(Dataset excerpts)
———

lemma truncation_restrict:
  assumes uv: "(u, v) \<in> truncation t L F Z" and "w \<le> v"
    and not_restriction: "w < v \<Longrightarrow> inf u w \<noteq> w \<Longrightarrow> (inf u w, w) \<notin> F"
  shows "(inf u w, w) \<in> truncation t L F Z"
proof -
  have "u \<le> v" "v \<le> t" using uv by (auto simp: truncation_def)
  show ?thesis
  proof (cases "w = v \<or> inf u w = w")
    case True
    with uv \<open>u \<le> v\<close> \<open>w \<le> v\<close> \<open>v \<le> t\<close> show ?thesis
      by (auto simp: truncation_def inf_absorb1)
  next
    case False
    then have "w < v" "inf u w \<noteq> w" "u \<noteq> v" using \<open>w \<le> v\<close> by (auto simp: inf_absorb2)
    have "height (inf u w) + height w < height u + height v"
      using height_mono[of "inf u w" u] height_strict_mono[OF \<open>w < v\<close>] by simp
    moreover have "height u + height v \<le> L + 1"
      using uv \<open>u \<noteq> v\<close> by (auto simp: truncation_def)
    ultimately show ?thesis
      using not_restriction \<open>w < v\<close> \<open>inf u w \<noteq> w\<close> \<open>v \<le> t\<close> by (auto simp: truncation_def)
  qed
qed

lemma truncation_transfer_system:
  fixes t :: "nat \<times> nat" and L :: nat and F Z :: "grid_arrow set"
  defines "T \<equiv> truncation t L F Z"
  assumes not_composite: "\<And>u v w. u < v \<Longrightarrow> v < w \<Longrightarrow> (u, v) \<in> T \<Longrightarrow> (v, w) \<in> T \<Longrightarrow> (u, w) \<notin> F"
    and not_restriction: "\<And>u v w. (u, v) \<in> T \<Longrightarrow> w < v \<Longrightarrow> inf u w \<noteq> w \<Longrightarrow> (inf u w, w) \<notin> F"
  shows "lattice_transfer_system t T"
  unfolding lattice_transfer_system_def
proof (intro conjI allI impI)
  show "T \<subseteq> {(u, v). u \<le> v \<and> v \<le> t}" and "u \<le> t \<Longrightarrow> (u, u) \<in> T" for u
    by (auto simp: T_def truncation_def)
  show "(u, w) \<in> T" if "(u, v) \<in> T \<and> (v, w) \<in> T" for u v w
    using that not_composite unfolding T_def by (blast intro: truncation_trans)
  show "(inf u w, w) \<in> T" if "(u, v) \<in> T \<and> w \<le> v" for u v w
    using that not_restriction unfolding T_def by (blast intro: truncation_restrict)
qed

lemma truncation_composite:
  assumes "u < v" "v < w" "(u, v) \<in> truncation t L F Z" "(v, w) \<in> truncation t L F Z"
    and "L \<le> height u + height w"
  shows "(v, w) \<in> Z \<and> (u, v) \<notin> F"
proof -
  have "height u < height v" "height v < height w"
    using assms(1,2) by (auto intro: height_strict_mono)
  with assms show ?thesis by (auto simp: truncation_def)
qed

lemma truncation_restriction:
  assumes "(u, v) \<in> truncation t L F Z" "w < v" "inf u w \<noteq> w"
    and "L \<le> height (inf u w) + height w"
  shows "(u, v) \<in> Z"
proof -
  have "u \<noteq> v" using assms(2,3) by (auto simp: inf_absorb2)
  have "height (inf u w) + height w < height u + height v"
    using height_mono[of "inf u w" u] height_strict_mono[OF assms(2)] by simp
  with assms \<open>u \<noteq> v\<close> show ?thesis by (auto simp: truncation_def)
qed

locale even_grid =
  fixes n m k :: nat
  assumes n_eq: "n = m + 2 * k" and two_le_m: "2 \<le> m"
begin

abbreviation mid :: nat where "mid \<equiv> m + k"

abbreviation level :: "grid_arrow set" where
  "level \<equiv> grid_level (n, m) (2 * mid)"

———

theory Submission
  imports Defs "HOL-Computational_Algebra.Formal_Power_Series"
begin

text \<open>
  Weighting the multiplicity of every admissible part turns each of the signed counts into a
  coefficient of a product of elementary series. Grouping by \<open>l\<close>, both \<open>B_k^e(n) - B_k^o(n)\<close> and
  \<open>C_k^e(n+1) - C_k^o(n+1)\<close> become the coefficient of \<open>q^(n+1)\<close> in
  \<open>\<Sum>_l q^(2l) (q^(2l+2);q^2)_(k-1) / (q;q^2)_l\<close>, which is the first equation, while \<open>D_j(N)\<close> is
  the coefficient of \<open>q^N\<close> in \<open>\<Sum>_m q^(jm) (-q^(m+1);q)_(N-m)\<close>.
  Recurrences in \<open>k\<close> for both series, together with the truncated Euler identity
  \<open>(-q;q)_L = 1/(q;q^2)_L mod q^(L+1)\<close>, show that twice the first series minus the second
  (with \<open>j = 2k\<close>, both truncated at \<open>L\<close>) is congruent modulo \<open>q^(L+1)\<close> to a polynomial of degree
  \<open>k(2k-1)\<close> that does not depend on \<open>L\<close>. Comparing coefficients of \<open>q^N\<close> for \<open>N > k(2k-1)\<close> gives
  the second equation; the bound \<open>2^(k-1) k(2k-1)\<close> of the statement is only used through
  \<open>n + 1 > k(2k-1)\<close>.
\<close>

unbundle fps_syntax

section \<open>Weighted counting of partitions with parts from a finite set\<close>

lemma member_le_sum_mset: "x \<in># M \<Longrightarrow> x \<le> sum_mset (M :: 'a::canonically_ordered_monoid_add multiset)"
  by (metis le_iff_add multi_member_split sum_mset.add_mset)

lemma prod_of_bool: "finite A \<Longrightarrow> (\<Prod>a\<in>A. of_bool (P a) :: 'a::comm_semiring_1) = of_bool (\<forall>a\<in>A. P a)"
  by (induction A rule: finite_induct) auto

———

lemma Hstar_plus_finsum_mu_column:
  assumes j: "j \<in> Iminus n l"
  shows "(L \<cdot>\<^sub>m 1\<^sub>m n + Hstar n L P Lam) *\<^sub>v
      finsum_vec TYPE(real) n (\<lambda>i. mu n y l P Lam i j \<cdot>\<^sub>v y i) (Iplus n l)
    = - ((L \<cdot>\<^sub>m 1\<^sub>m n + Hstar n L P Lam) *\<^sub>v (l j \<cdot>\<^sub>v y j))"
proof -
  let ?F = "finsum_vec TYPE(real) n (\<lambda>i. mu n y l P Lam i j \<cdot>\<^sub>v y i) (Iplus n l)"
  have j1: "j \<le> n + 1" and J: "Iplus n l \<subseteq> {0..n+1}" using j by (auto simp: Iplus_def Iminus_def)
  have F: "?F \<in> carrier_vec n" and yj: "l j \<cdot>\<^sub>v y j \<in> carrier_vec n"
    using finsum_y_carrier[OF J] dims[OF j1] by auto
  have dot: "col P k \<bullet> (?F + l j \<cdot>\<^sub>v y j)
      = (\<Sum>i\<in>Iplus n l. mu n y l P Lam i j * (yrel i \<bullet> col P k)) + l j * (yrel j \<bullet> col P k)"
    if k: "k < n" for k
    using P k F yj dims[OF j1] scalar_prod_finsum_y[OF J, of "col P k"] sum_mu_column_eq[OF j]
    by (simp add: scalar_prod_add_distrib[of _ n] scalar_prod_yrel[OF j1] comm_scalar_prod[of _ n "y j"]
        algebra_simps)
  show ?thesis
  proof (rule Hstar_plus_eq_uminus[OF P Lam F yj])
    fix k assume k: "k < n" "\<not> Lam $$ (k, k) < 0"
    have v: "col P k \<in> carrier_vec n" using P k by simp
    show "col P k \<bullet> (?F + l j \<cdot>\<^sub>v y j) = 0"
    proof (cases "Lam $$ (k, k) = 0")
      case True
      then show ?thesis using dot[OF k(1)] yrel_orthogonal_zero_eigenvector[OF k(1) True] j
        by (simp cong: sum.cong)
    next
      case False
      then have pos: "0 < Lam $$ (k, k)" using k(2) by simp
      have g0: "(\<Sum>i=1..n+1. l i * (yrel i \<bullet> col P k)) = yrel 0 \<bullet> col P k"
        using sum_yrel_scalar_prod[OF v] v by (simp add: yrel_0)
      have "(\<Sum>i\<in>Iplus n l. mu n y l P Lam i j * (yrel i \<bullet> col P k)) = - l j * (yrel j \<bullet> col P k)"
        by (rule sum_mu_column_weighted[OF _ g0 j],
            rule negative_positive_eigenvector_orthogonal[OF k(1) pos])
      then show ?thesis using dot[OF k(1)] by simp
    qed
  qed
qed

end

———

Task objective
Your task is to retype the entries verbatim, starting with the line that holds "Weighting the multiplicity" and stopping after the line that holds "while \<open>D_j(N)\<close> is".

Exercise result
  Weighting the multiplicity of every admissible part turns each of the signed counts into a
  coefficient of a product of elementary series. Grouping by \<open>l\<close>, both \<open>B_k^e(n) - B_k^o(n)\<close> and
  \<open>C_k^e(n+1) - C_k^o(n+1)\<close> become the coefficient of \<open>q^(n+1)\<close> in
  \<open>\<Sum>_l q^(2l) (q^(2l+2);q^2)_(k-1) / (q;q^2)_l\<close>, which is the first equation, while \<open>D_j(N)\<close> is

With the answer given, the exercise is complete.